Completed construction of a Commissary and Laundry building, located immediately south of Union station. (Union Pacific structures property book)

(Signal) On the Union Pacific Railroad the installation of electric block signals between Council Bluffs, Iowa and Ogden, Utah, is progressing and will probably be completed about January, 1907.

(Track)(Construction )(Second Main) A second main track is in course of construction from the south into Ogden, a distance of 2.90 miles.

December 10, 1906
(Track)(Construction)(New Line) Oregon Short Line Railroad: Ogden to Roy, Utah, 3.65 miles, built, opened for traffic December 10, 1906.

(Track)(Construction)(Second Main) On Oregon Short Line between Ogden and Sandy, Utah, constructed 5.71 miles of second main track.

Completed new Union Freight Depot. (Union Pacific structures property book)

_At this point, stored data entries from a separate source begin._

(* Let $Y$ be a second countable locally compact connected Abelian group with character group $X$. Let $h$ be a real-valued characteristic function on $Y$ satisfying $h(2y)=2h^2(y)-1$ for all $y\in Y$. Then there is $x_0\in X$ such that $h(y)=\operatorname{Re}\,(x_0,y)$ for all $y\in Y$.
   Context: A function $h$ on $Y$ is a characteristic function if there is a probability distribution $\mu$ on $X$ with $h(y)=\int_X (x,y)\,d\mu(x)$ for all $y\in Y$, where $(x,y)$ is the value of the character $y$ at $x$ (equivalently of $x$ at $y$ under Pontryagin duality). *)

theory Defs
  imports "HOL-Analysis.Analysis" "HOL-Probability.Probability"
begin

definition topological_ab_group :: "('y::{topological_space, ab_group_add}) itself \<Rightarrow> bool" where
  "topological_ab_group _ \<longleftrightarrow>
     continuous_on UNIV (\<lambda>p::'y \<times> 'y. fst p + snd p) \<and> continuous_on UNIV (\<lambda>y::'y. - y)"

definition characters :: "('y::{topological_space, ab_group_add} \<Rightarrow> complex) set" where
  "characters = {x. continuous_on UNIV x \<and> (\<forall>y. cmod (x y) = 1) \<and>
                    (\<forall>a b. x (a + b) = x a * x b)}"

definition compact_open :: "('a::topological_space \<Rightarrow> 'b::topological_space) set \<Rightarrow> ('a \<Rightarrow> 'b) topology" where
  "compact_open S = topology_generated_by {{f \<in> S. f ` K \<subseteq> U} | K U. compact K \<and> open U}"

definition borel_space_of :: "'a topology \<Rightarrow> 'a measure" where
  "borel_space_of T = sigma (topspace T) {U. openin T U}"

definition character_group :: "('y::{topological_space, ab_group_add} \<Rightarrow> complex) topology" where
  "character_group = compact_open characters"

definition characteristic_function :: "('y::{topological_space, ab_group_add} \<Rightarrow> complex) \<Rightarrow> bool" where
  "characteristic_function h \<longleftrightarrow>
     (\<exists>\<mu>. prob_space \<mu> \<and> sets \<mu> = sets (borel_space_of (character_group :: ('y \<Rightarrow> complex) topology))
          \<and> space \<mu> = characters
          \<and> (\<forall>y. h y = (\<integral>x. x y \<partial>\<mu>)))"

end

theory Submission
  imports Defs
begin

(* For a character x with |x| = 1, Re x(2y) = 2 (Re x(y))^2 - 1. Integrating against the
   representing measure mu and using h(2y) = 2 h(y)^2 - 1 shows that the second moment of
   x |-> Re x(y) equals the square of its mean h(y), so its variance vanishes: Re x(y) = h(y)
   for mu-almost every x. Intersecting these full-measure sets over a countable dense set
   of y gives a character x0 with Re x0 = h on that dense set, and continuity of characters
   (compared with a second good character at any given y) extends this to all of Y. *)

lemma topspace_compact_open [simp]: "topspace (compact_open S) = S"
proof -
  have "S \<in> {{f \<in> S. f ` K \<subseteq> U} | K U. compact K \<and> open U}"
    by (intro CollectI exI[of _ "{}"] exI[of _ UNIV]) simp
  then show ?thesis
    unfolding compact_open_def by auto
qed

lemma openin_compact_open_evaluation:
  assumes "open U"
  shows "openin (compact_open S) {f \<in> S. f y \<in> U}"
  unfolding compact_open_def
  by (rule topology_generated_by_Basis, intro CollectI exI[of _ "{y}"] exI[of _ U]) (simp add: assms)

lemma openin_in_sets_borel_space_of:
  assumes "openin T U"
  shows "U \<in> sets (borel_space_of T)"
proof -
  have "Collect (openin T) \<subseteq> Pow (topspace T)"
    using openin_subset by auto
  then show ?thesis
    unfolding borel_space_of_def using assms by (simp add: sigma_sets.Basic)
qed

lemma space_borel_space_of [simp]: "space (borel_space_of T) = topspace T"
  unfolding borel_space_of_def by (simp add: openin_subset space_measure_of_conv subset_Pow_Union)

lemma measurable_evaluation_compact_open:
  assumes sets_M: "sets M = sets (borel_space_of (compact_open S))"
  shows "(\<lambda>f. f y) \<in> borel_measurable M"
proof (rule borel_measurableI)
  fix U :: "'b set"
  assume "open U"
  have "space M = S"
    using sets_eq_imp_space_eq[OF sets_M] by simp
  then have "(\<lambda>f. f y) -` U \<inter> space M = {f \<in> S. f y \<in> U}"
    by auto
  moreover have "{f \<in> S. f y \<in> U} \<in> sets (borel_space_of (compact_open S))"
    using \<open>open U\<close> by (intro openin_in_sets_borel_space_of openin_compact_open_evaluation)
  ultimately show "(\<lambda>f. f y) -` U \<inter> space M \<in> sets M"
    using sets_M by simp
qed

lemma Re_mult_self_of_unit_modulus:
  assumes "cmod z = 1"
  shows "Re (z * z) = 2 * (Re z)\<^sup>2 - 1"
  using assms by (simp add: cmod_def power2_eq_square)

lemma (in prob_space) AE_eq_expectation_if_second_moment_eq:
  fixes X :: "'a \<Rightarrow> real"
  assumes "integrable M X" "integrable M (\<lambda>x. (X x)\<^sup>2)"
    and "expectation (\<lambda>x. (X x)\<^sup>2) = (expectation X)\<^sup>2"
  shows "AE x in M. X x = expectation X"
proof -
  have "variance X = 0"
    using assms by (simp add: variance_eq)
  moreover have "integrable M (\<lambda>x. (X x - expectation X)\<^sup>2)"
    using assms by (simp add: power2_diff)
  ultimately have "AE x in M. (X x - expectation X)\<^sup>2 = 0"
    by (simp add: integral_nonneg_eq_0_iff_AE)
  then show ?thesis
    by eventually_elim simp
qed

lemma (in prob_space) AE_pointwise_imp_ex_continuous_eq:
  fixes F :: "'a \<Rightarrow> 'y::second_countable_topology \<Rightarrow> 'b::t2_space"
  assumes cont: "\<And>x. x \<in> space M \<Longrightarrow> continuous_on UNIV (F x)"
    and AE_eq: "\<And>y. AE x in M. F x y = g y"
  shows "\<exists>x\<in>space M. \<forall>y. F x y = g y"
proof -
  obtain D :: "'y set" where "countable D" and dense: "\<And>U. open U \<Longrightarrow> U \<noteq> {} \<Longrightarrow> \<exists>d\<in>D. d \<in> U"
    using countable_dense_setE by blast
  have AE_D: "AE x in M. x \<in> space M \<and> (\<forall>d\<in>D. F x d = g d)"
    using \<open>countable D\<close> AE_eq by (simp add: AE_ball_countable AE_space)
  then obtain x0 where x0: "x0 \<in> space M" "\<forall>d\<in>D. F x0 d = g d"
    using eventually_happens'[OF ae_filter_bot] by blast
  have "F x0 y = g y" for y
  proof -
    have "AE x in M. (x \<in> space M \<and> (\<forall>d\<in>D. F x d = g d)) \<and> F x y = g y"
      using AE_D AE_eq[of y] by eventually_elim simp
    then obtain x1 where x1: "x1 \<in> space M" "\<forall>d\<in>D. F x1 d = g d" "F x1 y = g y"
      using eventually_happens'[OF ae_filter_bot] by blast
    have "open {z. F x0 z \<noteq> F x1 z}"
      using cont x0(1) x1(1) by (intro open_Collect_neq) auto
    then have "{z. F x0 z \<noteq> F x1 z} = {}"
      using dense x0(2) x1(2) by fastforce
    then show ?thesis
      using x1(3) by auto
  qed
  then show ?thesis
    using x0(1) by blast
qed

lemma Re_character_add_self:
  assumes "x \<in> characters"
  shows "Re (x (y + y)) = 2 * (Re (x y))\<^sup>2 - 1"
  using assms Re_mult_self_of_unit_modulus[of "x y"] unfolding characters_def by simp

lemma continuous_on_Re_character:
  assumes "x \<in> characters"
  shows "continuous_on UNIV (\<lambda>y. Re (x y))"
  using assms unfolding characters_def by (auto intro: continuous_intros)

lemma AE_Re_character_eq_if_add_self:
  fixes h :: "'y::{topological_space, ab_group_add} \<Rightarrow> real"
  assumes "prob_space M"
    and sets_M: "sets M = sets (borel_space_of (character_group :: ('y \<Rightarrow> complex) topology))"
    and h_integral: "\<And>y. complex_of_real (h y) = (\<integral>x. x y \<partial>M)"
    and h_add_self: "\<And>y. h (y + y) = 2 * (h y)\<^sup>2 - 1"
  shows "AE x in M. Re (x y) = h y"
proof -
  interpret prob_space M by fact
  have space_M: "space M = characters"
    using sets_eq_imp_space_eq[OF sets_M] by (simp add: character_group_def)
  have [measurable]: "(\<lambda>x. x z) \<in> borel_measurable M" for z
    using sets_M unfolding character_group_def by (rule measurable_evaluation_compact_open)
  have unit: "cmod (x z) = 1" if "x \<in> space M" for x z
    using that space_M unfolding characters_def by auto
  have integrable_eval: "integrable M (\<lambda>x. x z)" for z
    using unit by (intro integrable_const_bound[where B=1]) auto
  have integrable_Re_sq: "integrable M (\<lambda>x. (Re (x y))\<^sup>2)"
  proof (intro integrable_const_bound[where B=1] AE_I2)
    fix x assume "x \<in> space M"
    then show "norm ((Re (x y))\<^sup>2) \<le> 1"
      using abs_Re_le_cmod[of "x y"] unit by (simp add: abs_square_le_1)
  qed simp
  have h_eq: "h z = expectation (\<lambda>x. Re (x z))" for z
    using arg_cong[OF h_integral[of z], of Re] integrable_eval by simp
  have "2 * (h y)\<^sup>2 - 1 = expectation (\<lambda>x. Re (x (y + y)))"
    using h_add_self h_eq by simp
  also have "\<dots> = expectation (\<lambda>x. 2 * (Re (x y))\<^sup>2 - 1)"
    using space_M by (intro Bochner_Integration.integral_cong refl) (simp add: Re_character_add_self)
  also have "\<dots> = 2 * expectation (\<lambda>x. (Re (x y))\<^sup>2) - 1"
    using integrable_Re_sq by (simp add: prob_space)
  finally have "expectation (\<lambda>x. (Re (x y))\<^sup>2) = (expectation (\<lambda>x. Re (x y)))\<^sup>2"
    using h_eq by simp
  then show ?thesis
    using AE_eq_expectation_if_second_moment_eq[OF _ integrable_Re_sq] integrable_eval h_eq by simp
qed

theorem corollary4p3:
  fixes h :: "'y::{t2_space, second_countable_topology, ab_group_add} \<Rightarrow> real"
  assumes "topological_ab_group TYPE('y)"
    and "locally_compact_space (euclidean :: 'y topology)"
    and "connected (UNIV :: 'y set)"
    and "characteristic_function (\<lambda>y. complex_of_real (h y))"
    and "\<And>y. h (y + y) = 2 * (h y)\<^sup>2 - 1"
  shows "\<exists>x0 \<in> characters. \<forall>y. h y = Re (x0 y)"
proof -
  obtain \<mu> where "prob_space \<mu>"
    and sets_\<mu>: "sets \<mu> = sets (borel_space_of (character_group :: ('y \<Rightarrow> complex) topology))"
    and space_\<mu>: "space \<mu> = characters"
    and h_integral: "\<And>y. complex_of_real (h y) = (\<integral>x. x y \<partial>\<mu>)"
    using assms(4) unfolding characteristic_function_def by blast
  interpret prob_space \<mu> by fact
  have "AE x in \<mu>. Re (x y) = h y" for y
    using \<open>prob_space \<mu>\<close> sets_\<mu> h_integral assms(5)
    by (rule AE_Re_character_eq_if_add_self)
  then obtain x0 where "x0 \<in> characters" "\<forall>y. Re (x0 y) = h y"
    using AE_pointwise_imp_ex_continuous_eq[of "\<lambda>x y. Re (x y)" h]
    by (auto simp: space_\<mu> continuous_on_Re_character)
  then show ?thesis
    by (metis (full_types))
qed

end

(Track)(Construction)(Line Change) 2.34 miles on the Oregon Short Line Railroad between Ogden and Farmington, Utah was changed for the purpose of eliminating curvature and reducing grades.

October 30, 1912
(Track)(Construction)(Second Main) Between Ogden and Salt Lake City, Utah, built 15.20 miles Second Main Track, opened for traffic October 30, 1912.

November 15, 1914
UP vacated its old roundhouse, which had been built before 1885. All machinery was removed and re-installed in SP's car shop, which then became the joint UP/SP engine house. The old UP roundhouse then became UP's car repair shop for Ogden, until September 1921, when it was retired and abandoned. The 66-foot turntable was completed in 1900, and was built by the Lassig Bridge and Iron Works. The old UP roundhouse had 77-foot long stalls. (Union Pacific structures property book)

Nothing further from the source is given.